EXERCISE DATA:
● ● ●

lemma dot_commute:
  assumes "L1 \<in> ISlr l r" "L2 \<in> ISlr l r" "a1 \<in> Sg L1" "a2 \<in> Sg L2" "L0 \<in> fusL L1 L2"
  shows "dot L0 a1 a2 = sc (mpow (sidx L0 + sidx L1 + sidx L2)) (dot L0 a2 a1)"
proof (cases "sidx L0 \<in> \<int>")
  case True
  have "mpow (sidx L0 + sidx L1 + sidx L2) * mpow (sidx L0 - sidx L1 - sidx L2) = 1"
    using mpow_mult_shift_Ints[OF True, of "sidx L1 + sidx L2" "- (sidx L1 + sidx L2)"]
    by (simp add: algebra_simps)
  then show ?thesis
    using dot_swap_phase[OF assms] by simp
next
  case False
  moreover have "L0 \<in> ISlr l r"
    using assms fusL_in_ISlr by blast
  ultimately show ?thesis
    using dot_in_grade grade_eq_zero_if_nonint by (metis scale_zero_right singletonD)
qed

lemma dot_assoc_braided:
  assumes L: "L0 \<in> ISlr l r" "L1 \<in> ISlr l r" "L2 \<in> ISlr l r" "L3 \<in> ISlr l r"
    and a: "a1 \<in> Sg L1" "a2 \<in> Sg L2" "a3 \<in> Sg L3"
    and \<mu>': "\<mu>' \<in> AL L0 L1 L2 L3"
  shows "dot L0 a1 (dot \<mu>' a2 a3) =
    (\<Sum>\<mu>\<in>AL L0 L3 L1 L2. sc (mpow (sidx \<mu>' + sidx \<mu> + sidx L2 + sidx L0) * BL \<mu> \<mu>' L0 L3 L1 L2)
      (dot L0 (dot \<mu> a1 a2) a3))"
proof (cases "sidx L3 \<in> \<int>")
  case False
  then have "a3 = 0"
    using grade_eq_zero_if_nonint L(4) a(3) by blast
  then show ?thesis
    by (simp add: dot_zero_right)
next
  case True
  have "\<mu>' \<in> fusL L2 L3"
    using \<mu>' by (simp add: AL_def)
  then have swap_inner: "dot \<mu>' a2 a3 = sc (mpow (sidx \<mu>' + sidx L2 + sidx L3)) (dot \<mu>' a3 a2)"
    by (rule dot_commute[OF L(3,4) a(2,3)])
  have braid: "dot L0 a1 (dot \<mu>' a3 a2) =
      (\<Sum>\<mu>\<in>AL L0 L3 L1 L2. sc (BL \<mu> \<mu>' L0 L3 L1 L2) (dot L0 a3 (dot \<mu> a1 a2)))"
    using \<mu>' by (intro dot_braiding L a) (simp add: AL_swap_last)
  have swap_outer: "dot L0 a3 (dot \<mu> a1 a2) =
      sc (mpow (sidx L0 + sidx L3 + sidx \<mu>)) (dot L0 (dot \<mu> a1 a2) a3)"
    if "\<mu> \<in> AL L0 L3 L1 L2" for \<mu>
  proof -
    have \<mu>: "\<mu> \<in> fusL L1 L2" "L0 \<in> fusL L3 \<mu>"
      using that by (simp_all add: AL_def)
    show ?thesis
      using fusL_in_ISlr[OF L(2,3) \<mu>(1)] \<mu>(2) by (intro dot_commute L(4) a(3) dot_in_grade)
  qed
  have phase: "mpow (sidx \<mu>' + sidx L2 + sidx L3) * mpow (sidx L0 + sidx L3 + sidx \<mu>)
      = mpow (sidx \<mu>' + sidx \<mu> + sidx L2 + sidx L0)" for \<mu>
    using mpow_mult_shift_Ints[OF True, of "sidx \<mu>' + sidx L2" "sidx L0 + sidx \<mu>"]
    by (simp add: algebra_simps)
  have "dot L0 a1 (dot \<mu>' a2 a3) =
      (\<Sum>\<mu>\<in>AL L0 L3 L1 L2. sc (mpow (sidx \<mu>' + sidx L2 + sidx L3))
        (sc (BL \<mu> \<mu>' L0 L3 L1 L2) (sc (mpow (sidx L0 + sidx L3 + sidx \<mu>)) (dot L0 (dot \<mu> a1 a2) a3))))"
    by (simp add: swap_inner dot_scale_right braid scale_sum_right swap_outer)
  also have "\<dots> = (\<Sum>\<mu>\<in>AL L0 L3 L1 L2. sc (mpow (sidx \<mu>' + sidx \<mu> + sidx L2 + sidx L0) * BL \<mu> \<mu>' L0 L3 L1 L2)
      (dot L0 (dot \<mu> a1 a2) a3))"
    by (simp add: phase[symmetric] mult_ac)
  finally show ?thesis .
qed

end

theorem mainTheorem2:
  fixes l r :: nat
    and sc :: "complex \<Rightarrow> 'v::ab_group_add \<Rightarrow> 'v"
    and Sg :: "idx \<Rightarrow> 'v set"
    and mult :: "'v \<Rightarrow> 'v \<Rightarrow> 'v"
    and one :: 'v
    and L1 L2 L3 :: idx
    and a1 a2 a3 :: 'v
  assumes "framed_algebra l r sc Sg mult one"
    and "L1 \<in> ISlr l r" "L2 \<in> ISlr l r" "L3 \<in> ISlr l r"
    and "a1 \<in> Sg L1" "a2 \<in> Sg L2" "a3 \<in> Sg L3"
  shows "(\<forall>L0\<in>fusL L1 L2.
            dotL l r Sg mult L0 a1 a2 =
            sc (mpow (sidx L0 + sidx L1 + sidx L2)) (dotL l r Sg mult L0 a2 a1))
       \<and> (\<forall>L0\<in>ISlr l r. \<forall>\<mu>'\<in>AL L0 L1 L2 L3.
            dotL l r Sg mult L0 a1 (dotL l r Sg mult \<mu>' a2 a3) =
            (\<Sum>\<mu>\<in>AL L0 L3 L1 L2.
               sc (mpow (sidx \<mu>' + sidx \<mu> + sidx L2 + sidx L0) * BL \<mu> \<mu>' L0 L3 L1 L2)
                  (dotL l r Sg mult L0 (dotL l r Sg mult \<mu> a1 a2) a3)))"
proof -
  interpret framed_alg l r sc Sg mult one
    by (rule framed_alg.intro) (fact assms(1))
  show ?thesis
    using dot_commute[OF assms(2,3,5,6)] dot_assoc_braided[OF _ assms(2-7)] by blast
qed

end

● ● ●

PROBLEM DESCRIPTION: Counting only lines that hold the string "intro", how many are there in the listing above? Give that number by itself.

SOLUTION TO THE EXERCISE: 3